Institute for Medical Information Processing, Biometry and Epidemiology, LMU, Munich, Germany.
Institute of Medical Informatics, Statistics and Epidemiology, School of Medicine, TUM, Munich, Germany.
Genome Biol. 2021 May 11;22(1):152. doi: 10.1186/s13059-021-02365-4.

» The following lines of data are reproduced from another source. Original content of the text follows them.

lemma sum_unit_root_orthogonal:
  assumes "N > 0" "m < N" "l < N"
  shows "(\<Sum>j<N. unit_root N j ^ m * cnj (unit_root N j) ^ l) = (if m = l then of_nat N else 0)"
proof -
  define x where "x = unit_root N m * cnj (unit_root N l)"
  have pow: "unit_root N j ^ m * cnj (unit_root N j) ^ l = x ^ j" for j
    by (simp add: x_def unit_root_power_commute power_mult_distrib flip: complex_cnj_power)
  have "x = 1 \<longleftrightarrow> unit_root N m = unit_root N l"
  proof -
    have "cnj (unit_root N l) * unit_root N l = 1"
      using complex_norm_square[of "unit_root N l"] by (simp add: mult.commute)
    then show ?thesis
      unfolding x_def by (metis mult.assoc mult.commute mult.right_neutral)
  qed
  also have "\<dots> \<longleftrightarrow> m = l"
    using complex_root_unity_eq[of N m l] assms by (simp add: unit_root_def)
  finally have x1: "x = 1 \<longleftrightarrow> m = l" .
  have xN: "x ^ N = 1"
    using complex_root_unity[of N m] complex_root_unity[of N l] assms
    by (simp add: x_def unit_root_def power_mult_distrib flip: complex_cnj_power)
  have "(\<Sum>j<N. unit_root N j ^ m * cnj (unit_root N j) ^ l) = (\<Sum>j<N. x ^ j)"
    by (rule sum.cong[OF refl pow])
  then show ?thesis
    using x1 xN geometric_sum[of x N] by (cases "m = l") auto
qed

lemma discrete_parseval:
  assumes "N > 0"
  shows "(\<Sum>j<N. (cmod (\<Sum>m<N. c m * unit_root N j ^ m))\<^sup>2) = real N * (\<Sum>m<N. (cmod (c m))\<^sup>2)"
proof -
  have "complex_of_real (\<Sum>j<N. (cmod (\<Sum>m<N. c m * unit_root N j ^ m))\<^sup>2)
      = (\<Sum>j<N. (\<Sum>m<N. c m * unit_root N j ^ m) * cnj (\<Sum>l<N. c l * unit_root N j ^ l))"
    by (simp only: of_real_sum complex_norm_square)
  also have "\<dots> = (\<Sum>j<N. \<Sum>m<N. \<Sum>l<N. c m * cnj (c l) * (unit_root N j ^ m * cnj (unit_root N j) ^ l))"
    by (simp add: sum_product cnj_sum mult_ac)
  also have "\<dots> = (\<Sum>m<N. \<Sum>j<N. \<Sum>l<N. c m * cnj (c l) * (unit_root N j ^ m * cnj (unit_root N j) ^ l))"
    by (rule sum.swap)
  also have "\<dots> = (\<Sum>m<N. \<Sum>l<N. \<Sum>j<N. c m * cnj (c l) * (unit_root N j ^ m * cnj (unit_root N j) ^ l))"
    by (rule sum.cong[OF refl], rule sum.swap)
  also have "\<dots> = (\<Sum>m<N. \<Sum>l<N. c m * cnj (c l) * (\<Sum>j<N. unit_root N j ^ m * cnj (unit_root N j) ^ l))"
    by (simp only: sum_distrib_left)
  also have "\<dots> = (\<Sum>m<N. \<Sum>l<N. c m * cnj (c l) * (if m = l then of_nat N else 0))"
    using assms by (intro sum.cong refl) (simp add: sum_unit_root_orthogonal)
  also have "\<dots> = (\<Sum>m<N. c m * cnj (c m) * of_nat N)"
    by (simp add: if_distrib cong: if_cong)
  also have "\<dots> = (\<Sum>m<N. of_nat N * complex_of_real ((cmod (c m))\<^sup>2))"
    by (intro sum.cong refl) (simp only: complex_norm_square mult_ac)
  also have "\<dots> = complex_of_real (real N * (\<Sum>m<N. (cmod (c m))\<^sup>2))"
    by (simp add: sum_distrib_left)
  finally show ?thesis
    by (simp only: of_real_eq_iff)
qed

Most research articles presenting new data analysis methods claim that "the new method performs better than existing methods," but the veracity of such statements is questionable. Our manuscript discusses and illustrates consequences of the optimistic bias occurring during the evaluation of novel data analysis methods, that is, all biases resulting from, for example, selection of datasets or competing methods, better ability to fix bugs in a preferred method, and selective reporting of method variants. We quantitatively investigate this bias using an example from epigenetic analysis: normalization methods for data generated by the Illumina HumanMethylation450K BeadChip microarray.
大多数提出新数据分析方法的研究文章都声称“新方法比现有方法表现更好”,但这种说法的真实性值得怀疑。我们的论文讨论并说明了在评估新数据分析方法时出现的乐观偏见的后果,即所有的偏见都源于例如数据集或竞争方法的选择、更好地修复首选方法中的错误的能力以及方法变体的选择性报告。我们使用来自表观遗传学分析的一个例子来定量研究这种偏见:Illumina HumanMethylation450K BeadChip 微阵列产生的数据的归一化方法。